> **Work order**
Within the listing below, determine how many lines hold the word "integrable". Give the number with no commentary.

> **Material provided**
(* Let $H$ be a separable Hilbert space, $(\Omega,\mathcal{A},\mu)$ a measure space, $f\in L^\infty_\mu(\Omega)$ real-valued with multiplication operator $M_f$ on $L^2_\mu(\Omega)$, and $V:H\to L^2_\mu(\Omega)$ an invertible bounded linear operator such that $A=V^{-1}M_fV$ is surjective. Let $\mathcal{F}(x):=-\frac12(Vx,M_fVx)_{L^2_\mu(\Omega)}$. Then $\mathcal{F}$ is $\tilde\lambda$-convex on the Hilbert space $H$, i.e. $\mathcal{F}((1-\theta)x_1+\theta x_2)\le(1-\theta)\mathcal{F}(x_1)+\theta\mathcal{F}(x_2)-\tilde\lambda\frac{\theta(1-\theta)}{2}\|x_1-x_2\|_H^2$ for all $x_1,x_2\in H$, $\theta\in[0,1]$, where $$\tilde\lambda:=-\operatorname*{ess\,sup}_{\omega\in\Omega}f(\omega)\,\tilde c_V,\qquad \tilde c_V:=\begin{cases}\|V\|^2,&\text{if }\operatorname*{ess\,sup}_\Omega f\ge0,\\ \|V^{-1}\|^{-2},&\text{otherwise},\end{cases}$$ with operator norms $\|V\|$ in $L(H,L^2_\mu(\Omega))$ and $\|V^{-1}\|$ in $L(L^2_\mu(\Omega),H)$.
   Context: $M_f(\varphi)(\omega)=f(\omega)\varphi(\omega)$ for $\mu$-a.e. $\omega$. *)

theory Defs
  imports "HOL-Probability.Probability"
begin

text \<open>Elements of L^2_mu(Omega) are represented by real-valued square-integrable
  functions; equality in L^2 is equality mu-almost everywhere.\<close>

definition sq_int :: "'w measure \<Rightarrow> ('w \<Rightarrow> real) \<Rightarrow> bool" where
  "sq_int M g \<longleftrightarrow> g \<in> borel_measurable M \<and> integrable M (\<lambda>\<omega>. (g \<omega>)\<^sup>2)"

definition L2_inner :: "'w measure \<Rightarrow> ('w \<Rightarrow> real) \<Rightarrow> ('w \<Rightarrow> real) \<Rightarrow> real" where
  "L2_inner M g h = (\<integral>\<omega>. g \<omega> * h \<omega> \<partial>M)"

definition L2_norm :: "'w measure \<Rightarrow> ('w \<Rightarrow> real) \<Rightarrow> real" where
  "L2_norm M g = sqrt (L2_inner M g g)"

definition Linf :: "'w measure \<Rightarrow> ('w \<Rightarrow> real) \<Rightarrow> bool" where
  "Linf M f \<longleftrightarrow> f \<in> borel_measurable M \<and> (\<exists>C. AE \<omega> in M. \<bar>f \<omega>\<bar> \<le> C)"

definition mult_op :: "('w \<Rightarrow> real) \<Rightarrow> ('w \<Rightarrow> real) \<Rightarrow> ('w \<Rightarrow> real)" where
  "mult_op f \<phi> = (\<lambda>\<omega>. f \<omega> * \<phi> \<omega>)"

definition bounded_linear_to_L2 :: "'w measure \<Rightarrow> ('h::real_normed_vector \<Rightarrow> 'w \<Rightarrow> real) \<Rightarrow> bool" where
  "bounded_linear_to_L2 M V \<longleftrightarrow>
     (\<forall>x. sq_int M (V x)) \<and>
     (\<forall>a b x y. AE \<omega> in M. V (a *\<^sub>R x + b *\<^sub>R y) \<omega> = a * V x \<omega> + b * V y \<omega>) \<and>
     (\<exists>C. \<forall>x. L2_norm M (V x) \<le> C * norm x)"

definition invertible_to_L2 :: "'w measure \<Rightarrow> ('h::real_normed_vector \<Rightarrow> 'w \<Rightarrow> real) \<Rightarrow> bool" where
  "invertible_to_L2 M V \<longleftrightarrow>
     (\<forall>x y. (AE \<omega> in M. V x \<omega> = V y \<omega>) \<longrightarrow> x = y) \<and>
     (\<forall>g. sq_int M g \<longrightarrow> (\<exists>x. AE \<omega> in M. V x \<omega> = g \<omega>)) \<and>
     (\<exists>C. \<forall>x. norm x \<le> C * L2_norm M (V x))"

definition inv_op :: "'w measure \<Rightarrow> ('h \<Rightarrow> 'w \<Rightarrow> real) \<Rightarrow> ('w \<Rightarrow> real) \<Rightarrow> 'h" where
  "inv_op M V g = (SOME x. AE \<omega> in M. V x \<omega> = g \<omega>)"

> **Response**
2